Penting: Tidak semua “staking” sama. Beberapa platform menawarkan “staking” dengan yield sangat tinggi yang sebenarnya adalah:
- Token reward (bukan blockchain staking) yang harganya bisa collapse
- DeFi yield farming yang lebih berisiko
- Produk custodial yang tidak transparent
Pastikan paham apa yang sebenarnya Anda masuki.
Staking vs Yield Farming: Apa Bedanya
| Aspek | Staking | Yield Farming |
|---|---|---|
| Yield dari | Network reward | Liquidity mining / fee |
| Risiko utama | Slashing, lock-up | Impermanent loss, smart contract |
| Volatilitas yield | Relatif stabil | Sangat volatile |
| Kompleksitas | Lebih simple | Lebih complex |
| Aset yang di-stake | Satu aset | Biasanya dua aset (LP) |
Return yang Realistis
Untuk ETH staking (paling mainstream):
Gross yield: ~3-5% per tahun (berubah seiring total ETH yang di-stake)
Setelah fee:
- Lido: ~2.7-4.5% net
- Rocket Pool: ~2.6-4.3% net
- Exchange: ~2.5-4% net
Return dalam IDR juga dipengaruhi:
- Jika ETH naik 20%, total return (staking yield + appreciation): jauh lebih tinggi
- Jika ETH turun 30%, staking yield sebesar 4% tidak cukup untuk cover kerugian
Staking yield adalah return atas aset ETH yang Anda pegang — bukan return atas IDR. Price risk ETH tetap ada.
Pertanyaan yang Sering Muncul
“Apakah lebih baik stake ETH atau hold saja?” Jika planning hold ETH jangka panjang anyway, staking menambah yield tanpa tambahan risiko yang signifikan (terutama via liquid staking). Tidak ada alasan untuk tidak stake jika sudah comfortable.

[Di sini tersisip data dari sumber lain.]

(* Let $n\ge 3$ and $\zeta_n=e^{2\pi i/n}$. If $n$ is prime, then $R(U_n)=\mathbb{Z}[\zeta_n]$. If $n$ is not prime, then $R(U_n)=\mathbb{Z}[1/n,\zeta_n]$.
   Context: Let $\mathbf{T}=\{z\in\mathbb{C}:|z|=1\}$. An angle is an element of the quotient group $\mathbf{T}/\{\pm1\}$; in formulas an angle is represented by either of its two representatives $u\in\mathbf{T}$. For $p\in\mathbb{C}$ and an angle $u$, let $L_u(p)=\{p+ru: r\in\mathbb{R}\}$. For distinct angles $u,v$ and $p,q\in\mathbb{C}$, $I_{u,v}(p,q)$ denotes the unique point of $L_u(p)\cap L_v(q)$. For a subgroup $U$ of $\mathbf{T}/\{\pm1\}$, $R(U)$ denotes the smallest subset of $\mathbb{C}$ that contains $0$ and $1$ and such that $I_{u,v}(p,q)\in R(U)$ whenever $p,q\in R(U)$ and $u,v$ are distinct elements of $U$. For $n\ge 3$, $U_n$ denotes the cyclic subgroup of $\mathbf{T}/\{\pm1\}$ of order $n$ generated by the class of $e^{i\pi/n}$ (i.e. the angles $k\pi/n$, $0\le k<n$). $\mathbb{Z}[1/n,\zeta_n]$ is the subring of $\mathbb{C}$ generated by $1/n$ and $\zeta_n$. *)

theory Defs
  imports "HOL-Analysis.Analysis" "HOL-Computational_Algebra.Primes"
begin

text \<open>The unit circle T, and angles = elements of T/{+-1}, represented as the
  equivalence class {u, -u} of a representative u.\<close>
definition circle :: "complex set" where
  "circle = {z. cmod z = 1}"

definition angle_of :: "complex \<Rightarrow> complex set" where
  "angle_of u = {u, -u}"

definition angles :: "complex set set" where
  "angles = angle_of ` circle"

definition line :: "complex \<Rightarrow> complex \<Rightarrow> complex set" where
  "line u p = {p + complex_of_real r * u | r. True}"

text \<open>For distinct angles the two lines meet in exactly one point, so membership
  in the intersection is the point I_{u,v}(p,q).\<close>
inductive_set Rset :: "complex set set \<Rightarrow> complex set" for U :: "complex set set" where
  zero: "0 \<in> Rset U"
| one: "1 \<in> Rset U"
| inter: "\<lbrakk> p \<in> Rset U; q \<in> Rset U; A \<in> U; B \<in> U; A \<noteq> B; u \<in> A; v \<in> B;
            z \<in> line u p \<inter> line v q \<rbrakk> \<Longrightarrow> z \<in> Rset U"

text \<open>U_n: the cyclic subgroup of order n generated by the class of exp(i pi/n).\<close>
definition U_n :: "nat \<Rightarrow> complex set set" where
  "U_n n = {angle_of (exp (\<i> * complex_of_real (real k * pi / real n))) | k. k < n}"

inductive_set subring_gen :: "complex set \<Rightarrow> complex set" for S :: "complex set" where
  gen: "x \<in> S \<Longrightarrow> x \<in> subring_gen S"
| zero: "0 \<in> subring_gen S"
| one: "1 \<in> subring_gen S"
| add: "\<lbrakk> x \<in> subring_gen S; y \<in> subring_gen S \<rbrakk> \<Longrightarrow> x + y \<in> subring_gen S"
| neg: "x \<in> subring_gen S \<Longrightarrow> - x \<in> subring_gen S"
| mult: "\<lbrakk> x \<in> subring_gen S; y \<in> subring_gen S \<rbrakk> \<Longrightarrow> x * y \<in> subring_gen S"

definition zeta :: "nat \<Rightarrow> complex" where
  "zeta n = exp (2 * pi * \<i> / of_nat n)"

end

theory Submission
  imports Defs "HOL-Computational_Algebra.Polynomial"
begin

text \<open>
  Let omega = exp(i pi/n) and zeta = omega^2.  A line whose angle lies in U_n is determined by a
  point p and the square d of its direction, an n-th root of unity: it is the set of z with
  z - p = d cnj (z - p).  Two such lines (d ~= e) meet in p + d ((q-p) - e cnj (q-p)) / (d - e).

  Upper bounds: by this formula R(U_n) lies in every set containing 0, 1 and closed under +, -
  and w |-> (w - e cnj w) / (1 - c) (c, e roots of unity, c ~= 1).  Z[1/n, zeta] is such a set since
  1/(1 - c) = -(1/n) Sum_j j c^j; for prime n so is Z[zeta], as 1 - zeta divides w - e cnj w and
  1 - c divides 1 - zeta.

  Lower bounds: translations, real scalings and the rotation by zeta permute the admissible lines,
  and -1, 2, zeta are explicit intersection points; so R(U_n) is an additive group whose
  multipliers {x. x R(U_n) <= R(U_n)} form a ring containing zeta, giving Z[zeta] <= R(U_n).  For
  composite n the real ratios |1 - u|^2 / |1 - v|^2 of roots of unity are multipliers too, and
  product formulas over roots of unity turn them into 1/|1 - zeta|^2 and finally into 1/n.
\<close>

section \<open>Roots of unity\<close>

lemma unit_cnj: "cmod u = 1 \<Longrightarrow> cnj u = inverse u"
  by (metis complex_norm_square inverse_unique of_real_1 one_power2)

definition omega :: "nat \<Rightarrow> complex" where
  "omega n = exp (\<i> * of_real (pi / real n))"

lemma omega_pow: "omega n ^ k = exp (\<i> * of_real (real k * pi / real n))"
  unfolding omega_def by (simp add: exp_of_nat_mult[symmetric] algebra_simps)

lemma norm_omega_pow [simp]: "cmod (omega n ^ k) = 1"
  by (simp add: norm_power omega_def)

lemma omega_pow_sq: "(omega n ^ k)\<^sup>2 = zeta n ^ k"
  unfolding zeta_def omega_def
  by (simp add: exp_of_nat_mult[symmetric] power_mult[symmetric] algebra_simps)

lemma zeta_pow: "zeta n ^ k = exp (2 * of_real pi * \<i> * of_nat k / of_nat n)"
  unfolding zeta_def by (simp add: exp_of_nat_mult[symmetric] algebra_simps)

lemma zeta_pow_eq_iff: "n \<ge> 1 \<Longrightarrow> zeta n ^ j = zeta n ^ k \<longleftrightarrow> j mod n = k mod n"
  unfolding zeta_pow by (rule complex_root_unity_eq)

lemma zeta_pow_eq_1_iff: "n \<ge> 1 \<Longrightarrow> zeta n ^ k = 1 \<longleftrightarrow> n dvd k"
  unfolding zeta_pow by (rule complex_root_unity_eq_1)

lemma zeta_pow_n: "n \<ge> 1 \<Longrightarrow> zeta n ^ n = 1"
  by (simp add: zeta_pow_eq_1_iff)

lemma zeta_nonzero [simp]: "zeta n \<noteq> 0"
  by (simp add: zeta_def)

lemma norm_zeta_pow [simp]: "cmod (zeta n ^ k) = 1"
  by (metis norm_omega_pow omega_pow_sq norm_power power_one)

lemma norm_zeta [simp]: "cmod (zeta n) = 1"
  using norm_zeta_pow[of n 1] by simp

lemma inverse_zeta_pow: "n \<ge> 1 \<Longrightarrow> inverse (zeta n ^ k) = zeta n ^ ((n - 1) * k)"
proof -
  assume n: "n \<ge> 1"
  have "zeta n ^ k * zeta n ^ ((n - 1) * k) = zeta n ^ (n * k)"
    using n by (simp add: power_add[symmetric] algebra_simps)
  also have "\<dots> = 1" using zeta_pow_eq_1_iff[OF n] by simp
  finally show ?thesis by (rule inverse_unique)
qed

text \<open>The group mu n of n-th roots of unity: the possible squared directions of lines with angle in U_n.\<close>

definition mu :: "nat \<Rightarrow> complex set" where
  "mu n = range (\<lambda>k. zeta n ^ k)"

lemma zeta_pow_in_mu [simp, intro]: "zeta n ^ k \<in> mu n"
  by (simp add: mu_def)

lemma one_in_mu [simp, intro]: "1 \<in> mu n"
  using zeta_pow_in_mu[of n 0] by simp

lemma zeta_in_mu [simp, intro]: "zeta n \<in> mu n"
  using zeta_pow_in_mu[of n 1] by simp

lemma mu_norm: "d \<in> mu n \<Longrightarrow> cmod d = 1"
  by (auto simp: mu_def)

lemma mu_nonzero: "d \<in> mu n \<Longrightarrow> d \<noteq> 0"
  by (auto simp: mu_def)

lemma mu_cnj: "d \<in> mu n \<Longrightarrow> cnj d = inverse d"
  by (simp add: mu_norm unit_cnj)

lemma mu_mult: "d \<in> mu n \<Longrightarrow> e \<in> mu n \<Longrightarrow> d * e \<in> mu n"
  by (auto simp: mu_def power_add[symmetric])

lemma mu_inverse: "n \<ge> 1 \<Longrightarrow> d \<in> mu n \<Longrightarrow> inverse d \<in> mu n"
  by (auto simp: mu_def inverse_zeta_pow)

lemma mu_cnj_closed: "n \<ge> 1 \<Longrightarrow> d \<in> mu n \<Longrightarrow> cnj d \<in> mu n"
  by (simp add: mu_cnj mu_inverse)

lemma mu_divide: "n \<ge> 1 \<Longrightarrow> d \<in> mu n \<Longrightarrow> e \<in> mu n \<Longrightarrow> d / e \<in> mu n"
  by (simp add: divide_inverse mu_inverse mu_mult)

lemma mu_pow_n:
  assumes "n \<ge> 1" and "d \<in> mu n" shows "d ^ n = 1"
proof -
  obtain k where "d = zeta n ^ k" using assms(2) by (auto simp: mu_def)
  then have "d ^ n = (zeta n ^ n) ^ k" by (simp flip: power_mult add: mult.commute)
  then show ?thesis using zeta_pow_n[OF assms(1)] by simp
qed

lemma mu_representative:
  assumes "n \<ge> 1" and "d \<in> mu n" shows "\<exists>k<n. d = zeta n ^ k"
proof -
  obtain k where "d = zeta n ^ k" using assms(2) by (auto simp: mu_def)
  then have "d = zeta n ^ (k mod n)" using zeta_pow_eq_iff[OF assms(1)] by simp
  moreover have "k mod n < n" using assms(1) by simp
  ultimately show ?thesis by blast
qed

“Apakah staking ETH dikenakan pajak?” Secara teknikal di Indonesia, yield staking adalah “penghasilan lain-lain” yang perlu dilaporkan. Guidance spesifik dari DJP masih berkembang. Konsultasikan dengan tax advisor jika jumlah signifikan.
“Berapa minimum untuk staking yang worth it?” Untuk liquid staking via Lido: tidak ada minimum, tapi pertimbangkan gas fee (pakai Arbitrum atau L2 untuk biaya lebih kecil). Untuk exchange staking: sesuai minimum exchange.
Kesimpulan
Staking adalah cara mendapat yield pasif dari crypto Proof of Stake yang Anda sudah hold. Untuk investor Indonesia yang hold ETH:
- Exchange staking: Entry point paling mudah
- Liquid staking (Lido): Trade-off terbaik antara kemudahan dan yield
- Native validator: Hanya untuk yang sangat teknikal dan punya 32 ETH
Return ~3-5% per tahun untuk ETH staking adalah tambahan yang welcome jika sudah planning hold ETH jangka panjang.

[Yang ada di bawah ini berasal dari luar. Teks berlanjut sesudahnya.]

(* Proof by expanding the fibre indicator into
   characters; only the trivial character survives. *)
lemma uniform_fibres:
  fixes X :: "'h::ab_group_add set" and G :: "'h \<Rightarrow> 'd \<Rightarrow> bit"
  assumes "finite X" and "finite D"
    and add_closed: "\<And>h e. h \<in> X \<Longrightarrow> e \<in> X \<Longrightarrow> h + e \<in> X"
    and neg_closed: "\<And>e. e \<in> X \<Longrightarrow> - e \<in> X"
    and additive: "\<And>h e d. h \<in> X \<Longrightarrow> e \<in> X \<Longrightarrow> d \<in> D \<Longrightarrow> G (h + e) d = G h d + G e d"
    and nondegenerate: "\<And>\<sigma>. \<sigma> \<in> PiE D (\<lambda>_. UNIV) \<Longrightarrow> (\<exists>d\<in>D. \<sigma> d \<noteq> 0) \<Longrightarrow>
                          \<exists>e\<in>X. (\<Sum>d\<in>D. \<sigma> d * G e d) = 1"
  shows "real (card {h\<in>X. \<forall>d\<in>D. G h d = t d}) * 2 ^ card D = real (card X)"
proof -
  define P where "P = PiE D (\<lambda>_. UNIV :: bit set)"
  define zero where "zero = (\<lambda>d. if d \<in> D then (0::bit) else undefined)"
  define \<chi> where "\<chi> \<sigma> h = chi (\<Sum>d\<in>D. \<sigma> d * (G h d + t d))" for \<sigma> h
  have zero: "zero \<in> P"
    by (auto simp: P_def zero_def)
  have "real (card {h\<in>X. \<forall>d\<in>D. G h d = t d}) * 2 ^ card D
        = (\<Sum>h\<in>X. if \<forall>d\<in>D. G h d + t d = 0 then 2 ^ card D else 0)"
    by (simp only: bit_add_eq_0_iff sum.If_cases[OF \<open>finite X\<close>] sum_constant
        sum.neutral_const add_0_right Int_def mem_Collect_eq)
  also have "\<dots> = (\<Sum>h\<in>X. \<Sum>\<sigma>\<in>P. \<chi> \<sigma> h)"
    by (simp only: P_def \<chi>_def character_orthogonality[OF \<open>finite D\<close>])
  also have "\<dots> = (\<Sum>\<sigma>\<in>P. \<Sum>h\<in>X. \<chi> \<sigma> h)"
    by (rule sum.swap)
  also have "\<dots> = (\<Sum>h\<in>X. \<chi> zero h) + (\<Sum>\<sigma>\<in>P - {zero}. \<Sum>h\<in>X. \<chi> \<sigma> h)"
    using zero \<open>finite D\<close> by (simp add: P_def sum.remove finite_PiE)
  also have "(\<Sum>h\<in>X. \<chi> zero h) = real (card X)"
    by (simp add: \<chi>_def zero_def chi_def)
  also have "(\<Sum>\<sigma>\<in>P - {zero}. \<Sum>h\<in>X. \<chi> \<sigma> h) = 0"
  proof (rule sum.neutral, rule ballI)
    fix \<sigma> assume \<sigma>: "\<sigma> \<in> P - {zero}"
    then have "\<exists>d\<in>D. \<sigma> d \<noteq> 0"
      by (auto simp: P_def zero_def PiE_def extensional_def)
    then obtain e where "e \<in> X" and e: "(\<Sum>d\<in>D. \<sigma> d * G e d) = 1"
      using nondegenerate \<sigma> P_def by blast
    let ?\<phi> = "\<lambda>h. \<Sum>d\<in>D. \<sigma> d * G h d"
    have "(\<Sum>h\<in>X. \<chi> \<sigma> h) = (\<Sum>h\<in>X. chi (?\<phi> h + (\<Sum>d\<in>D. \<sigma> d * t d)))"
      by (simp only: \<chi>_def distrib_left sum.distrib)
    also have "\<dots> = 0"
    proof (rule shifted_character_sum[OF \<open>finite X\<close> \<open>e \<in> X\<close> add_closed neg_closed])
      fix h assume "h \<in> X"
      then have "?\<phi> (h + e) = (\<Sum>d\<in>D. \<sigma> d * G h d + \<sigma> d * G e d)"
        by (intro sum.cong refl) (simp only: additive[OF _ \<open>e \<in> X\<close>] distrib_left)
      then show "?\<phi> (h + e) = ?\<phi> h + 1"
        by (simp only: sum.distrib e)
    qed
    finally show "(\<Sum>h\<in>X. \<chi> \<sigma> h) = 0" .
  qed
  finally show ?thesis
    by simp
qed

subsection \<open>The ring GF(2)[x]/(x^L+1) and the Cyclic hash\<close>

lemma degree_cyc_modulus: "0 < L \<Longrightarrow> degree (monom (1::bit) L + 1) = L"
  by (simp add: degree_add_eq_left degree_monom_eq)

lemma poly_mod_sum: "(\<Sum>i\<in>A. f i) mod (M :: 'a::field poly) = (\<Sum>i\<in>A. f i mod M)"
  by (induction A rule: infinite_finite_induct) (simp_all add: poly_mod_add_left)

(* Since x^L = 1 in GF(2)[x]/(x^L+1), reduction turns x^a into x^(a mod L). *)
lemma monom_mod_cyc:
  assumes "0 < L"
  shows "monom (c::bit) a mod (monom 1 L + 1) = monom c (a mod L)"
proof -
  define M :: "bit poly" where "M = monom 1 L + 1"
  have deg: "degree M = L"
    unfolding M_def using assms by (rule degree_cyc_modulus)
  have "monom 1 L mod M = (M + 1) mod M"
    by (simp add: M_def add.assoc)
  also have "\<dots> = 1"
    using deg assms by (simp add: poly_mod_add_left mod_poly_less)
  finally have xL: "monom 1 L mod M = 1" .
  have "monom c a = monom c (a mod L) * monom 1 L ^ (a div L)"
    by (simp add: monom_power mult_monom mod_mult_div_eq add.commute mult.commute)
  then have "monom c a mod M = monom c (a mod L) * ((monom 1 L mod M) ^ (a div L) mod M) mod M"
    by (simp only: power_mod mod_mult_right_eq)
  also have "\<dots> = monom c (a mod L)"
  proof -
    have "degree (monom c (a mod L)) < degree M"
      using deg assms by (meson degree_monom_le le_less_trans mod_less_divisor)
    then show ?thesis
      by (simp add: xL mod_poly_less)
  qed
  finally show ?thesis
    by (simp only: M_def)
qed

lemma cyclic_hash_add: "cyclic_hash L (h + e) s = cyclic_hash L h s + cyclic_hash L e s"
  unfolding cyclic_hash_def cyc_red_def plus_fun_apply distrib_right sum.distrib poly_mod_add_left ..

definition unit_fn :: "'a \<Rightarrow> nat \<Rightarrow> 'a \<Rightarrow> bit poly" where
  "unit_fn c p = (\<lambda>x. if x = c then monom 1 p else 0)"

💡 Baru mulai di crypto? WhaleX punya kelas gratis untuk investor pemula — dari beli pertama sampai memahami risiko dengan benar. Mulai dari kelas gratis →
⚠️ Disclaimer: Staking tidak menghilangkan risiko harga ETH yang masih sangat volatile. Yield bisa berubah. Bukan rekomendasi investasi.
Kelas gratis WhaleX: dasar-dasar trading bot crypto, dari recurring buy sampai spot grid — cocok untuk pemula.

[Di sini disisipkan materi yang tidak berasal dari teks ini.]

(* Let $P$ be a minuscule poset. Then $\sum_{p\in P}\mathbb{1}_p\equiv \frac{\#P}{2}$.
   Context: Minuscule posets are the posets attached to a simple Lie algebra (Dynkin diagram) together with a minuscule node (the poset of join-irreducible elements of the corresponding minuscule weight lattice / Bruhat order on $W/W_J$). Up to isomorphism they are: the rectangles $[a]\times[b]$ (product order); the shifted staircases $\{(i,j)\colon1\le i\le j\le n\}$ with componentwise order; the double-tailed diamonds $d_n(1)$ for $n\ge2$, consisting of a chain $x_1<\dots<x_{n-1}$, two incomparable elements $y_1,y_2$, and a chain $z_{n-1}<\dots<z_1$ with $x_i<y_j<z_k$ for all $i,j,k$; and the two exceptional minuscule posets $\Lambda_{E_6}$ (16 elements) and $\Lambda_{E_7}$ (27 elements) of types $E_6$ and $E_7$. $\mathcal{J}(P)$ is the set of order ideals of $P$. For $x\in P$, $I\in\mathcal{J}(P)$: $\mathbb{1}_x(I)=1$ if $x\in I$, else $0$; $T_x^+(I)=1$ if $x$ is a minimal element of $P\setminus I$, else $0$; $T_x^-(I)=1$ if $x$ is a maximal element of $I$, else $0$; $T_x=T_x^+-T_x^-$. For $f,g\colon\mathcal{J}(P)\to\mathbb{R}$, $f\equiv g$ means $f-g=\sum_{x\in P}c_xT_x$ for some real constants $c_x$; a real number denotes the corresponding constant function. *)

theory Defs
  imports Complex_Main
begin
lemma eventually_power_le_twice_poly:
  fixes p :: "real poly"
  assumes "1 \<le> lead_coeff p"
  shows "eventually (\<lambda>x. x ^ degree p \<le> 2 * poly p x) at_top"
proof -
  have "eventually (\<lambda>x. lead_coeff p / 2 * x ^ degree p \<le> poly p x) at_top"
    using assms by (intro eventually_poly_ge_half_lead_power) auto
  then show ?thesis using eventually_ge_at_top[of 0]
  proof eventually_elim
    case (elim x)
    then have "x ^ degree p \<le> lead_coeff p * x ^ degree p"
      using assms by (simp add: mult_le_cancel_right1)
    with elim show ?case by linarith
  qed
qed

lemma exp_sum_lower_bound:
  fixes f :: "int poly" and N r :: nat
  defines "F \<equiv> map_poly real_of_int f"
  defines "K1 \<equiv> l1_coeff_norm (pderiv F)" and "K2 \<equiv> l1_coeff_norm (pderiv (pderiv F))"
  assumes deg: "degree f = r" and r: "2 \<le> r"
    and pos: "\<forall>x\<ge>0. 0 < fR f x" and mono: "strict_mono_on {0..} (fR f)"
    and N: "1 \<le> real N" "8 * fR f 0 \<le> real N" "real N ^ r \<le> 2 * fR f (real N)"
    and \<alpha>: "\<alpha> \<in> IN r N"
  shows "- ((32 * fR f 0 + 16 * K2 + 32 * K1\<^sup>2) / real N
            + 32 * pi * K1\<^sup>2 * real N powr (1 / real r - 1))
    \<le> Re (\<Sum>j=1..N. complex_of_real (gN f N (real j)) *
             (e (\<alpha> * fR f (real j)) + e (- \<alpha> * fR f (real j))))"
proof -
  define n where "n = real N"
  define M where "M = poly F n"
  define A1 where "A1 = K1 * n ^ (r - 1)"
  define A2 where "A2 = K2 * n ^ (r - 2)"
  have fR_F: "fR f = poly F" by (simp add: fR_def F_def fun_eq_iff)
  have degF: "degree F = r" using deg by (simp add: F_def degree_map_poly)
  obtain a :: int where a: "\<bar>\<alpha> - of_int a\<bar> \<le> n powr (- real r + 1 / real r)"
    using \<alpha> unfolding IN_def n_def by (auto simp: abs_le_iff algebra_simps)
  define \<theta> where "\<theta> = 2 * pi * (\<alpha> - of_int a)"
  have "n ^ 1 \<le> n ^ r" using N r by (intro power_increasing) (auto simp: n_def)
  then have "4 * poly F 0 \<le> M"
    using N[folded n_def] unfolding M_def fR_F power_one_right by linarith
  moreover have "poly F x \<le> M" if "0 \<le> x" "x \<le> n" for x
    using strict_mono_on_leD[OF mono, of x n] that N by (simp add: M_def fR_F n_def)
  moreover have "\<bar>poly (pderiv F) x\<bar> \<le> A1" if "0 \<le> x" "x \<le> n" for x
    unfolding A1_def K1_def using that N
    by (intro abs_poly_le_l1_coeff_norm) (auto simp: degree_pderiv degF n_def)
  moreover have "\<bar>poly (pderiv (pderiv F)) x\<bar> \<le> A2" if "0 \<le> x" "x \<le> n" for x
    unfolding A2_def K2_def using that N
    by (intro abs_poly_le_l1_coeff_norm) (auto simp: degree_pderiv degF n_def)
  ultimately have "- 8 / M * (2 * poly F 0 + n * (A2 + A1\<^sup>2 / M + \<bar>\<theta>\<bar> * A1\<^sup>2))
    \<le> 2 / integral {0..n} (weight F M) * (\<Sum>j=1..N. weight F M (real j) * cos (\<theta> * poly F (real j)))"
    using pos unfolding n_def by (intro weight_cos_sum_lower_bound) (auto simp: M_def fR_F n_def)
  moreover have "8 / M * (2 * poly F 0 + n * (A2 + A1\<^sup>2 / M + \<bar>\<theta>\<bar> * A1\<^sup>2))
    \<le> (32 * poly F 0 + 16 * K2 + 32 * K1\<^sup>2) / n + 32 * pi * K1\<^sup>2 * n powr (1 / real r - 1)"
    unfolding A1_def A2_def using N r pos a
    by (intro error_term_le)
      (auto simp: n_def M_def fR_F \<theta>_def abs_mult K1_def K2_def l1_coeff_norm_nonneg less_imp_le)
  ultimately show ?thesis
    unfolding Re_exp_sum_eq_weight_cos_sum[of f N \<alpha> a, folded F_def]
    by (simp add: fR_F M_def n_def \<theta>_def mult_ac)
qed

theorem lemma12:
  fixes f :: "int poly" and r :: nat
  assumes "degree f = r" and "r \<ge> 3" and "lead_coeff f > 0"
    and "\<forall>x\<ge>0. fR f x > 0"
    and "strict_mono_on {0..} (fR f)"
  shows "liminf (\<lambda>N. INF \<alpha>\<in>IN r N.
            ereal (Re (\<Sum>j=1..N. complex_of_real (gN f N (real j)) *
                   (e (\<alpha> * fR f (real j)) + e (- \<alpha> * fR f (real j)))))) \<ge> 0"
proof -
  define F where "F = map_poly real_of_int f"
  define K1 where "K1 = l1_coeff_norm (pderiv F)"
  define K2 where "K2 = l1_coeff_norm (pderiv (pderiv F))"
  define E where "E N = (32 * fR f 0 + 16 * K2 + 32 * K1\<^sup>2) / real N
      + 32 * pi * K1\<^sup>2 * real N powr (1 / real r - 1)" for N :: nat
  define S where "S N \<alpha> = Re (\<Sum>j=1..N. complex_of_real (gN f N (real j)) *
      (e (\<alpha> * fR f (real j)) + e (- \<alpha> * fR f (real j))))" for N \<alpha>
  have "E \<longlonglongrightarrow> 0"
    unfolding E_def using assms(2)
    by (intro tendsto_add_zero lim_const_over_n tendsto_mult_right_zero tendsto_neg_powr
        filterlim_real_sequentially) (auto simp: field_simps)
  moreover have "eventually (\<lambda>N. \<forall>\<alpha>\<in>IN r N. - E N \<le> S N \<alpha>) sequentially"
  proof -
    have "degree F = r" "1 \<le> lead_coeff F" "fR f = poly F"
      using assms(1,3) by (simp_all add: F_def degree_map_poly coeff_map_poly fR_def fun_eq_iff)
    then have "eventually (\<lambda>x. 1 \<le> x \<and> 8 * fR f 0 \<le> x \<and> x ^ r \<le> 2 * fR f x) at_top"
      by (intro eventually_conj eventually_ge_at_top) (use eventually_power_le_twice_poly[of F] in auto)
    from eventually_compose_filterlim[OF this filterlim_real_sequentially] show ?thesis
      by eventually_elim
        (use exp_sum_lower_bound[of f r] assms in \<open>auto simp: E_def S_def F_def K1_def K2_def\<close>)
  qed
  ultimately have "0 \<le> liminf (\<lambda>N. INF \<alpha>\<in>IN r N. ereal (S N \<alpha>))"
    by (rule liminf_INF_nonneg_of_uniform_bound)
  then show ?thesis by (simp add: S_def)
qed

end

Ikut Kelas Bot Gratis →Pertanyaan Umum
Apakah staking crypto aman?
Staking punya risiko berbeda berdasarkan metodenya. Staking ETH native: risiko teknikal jika setup salah (slashing). Liquid staking (Lido): smart contract risk tapi tidak perlu 32 ETH. Exchange staking: counterparty risk exchange. Tidak ada staking yang 100% tanpa risiko.
Berapa return staking Ethereum per tahun?
ETH staking yield sekitar 3-5% per tahun (per 2025). Ini berubah berdasarkan jumlah total ETH yang di-stake — semakin banyak yang staking, semakin rendah yield per validator karena reward dibagi lebih banyak.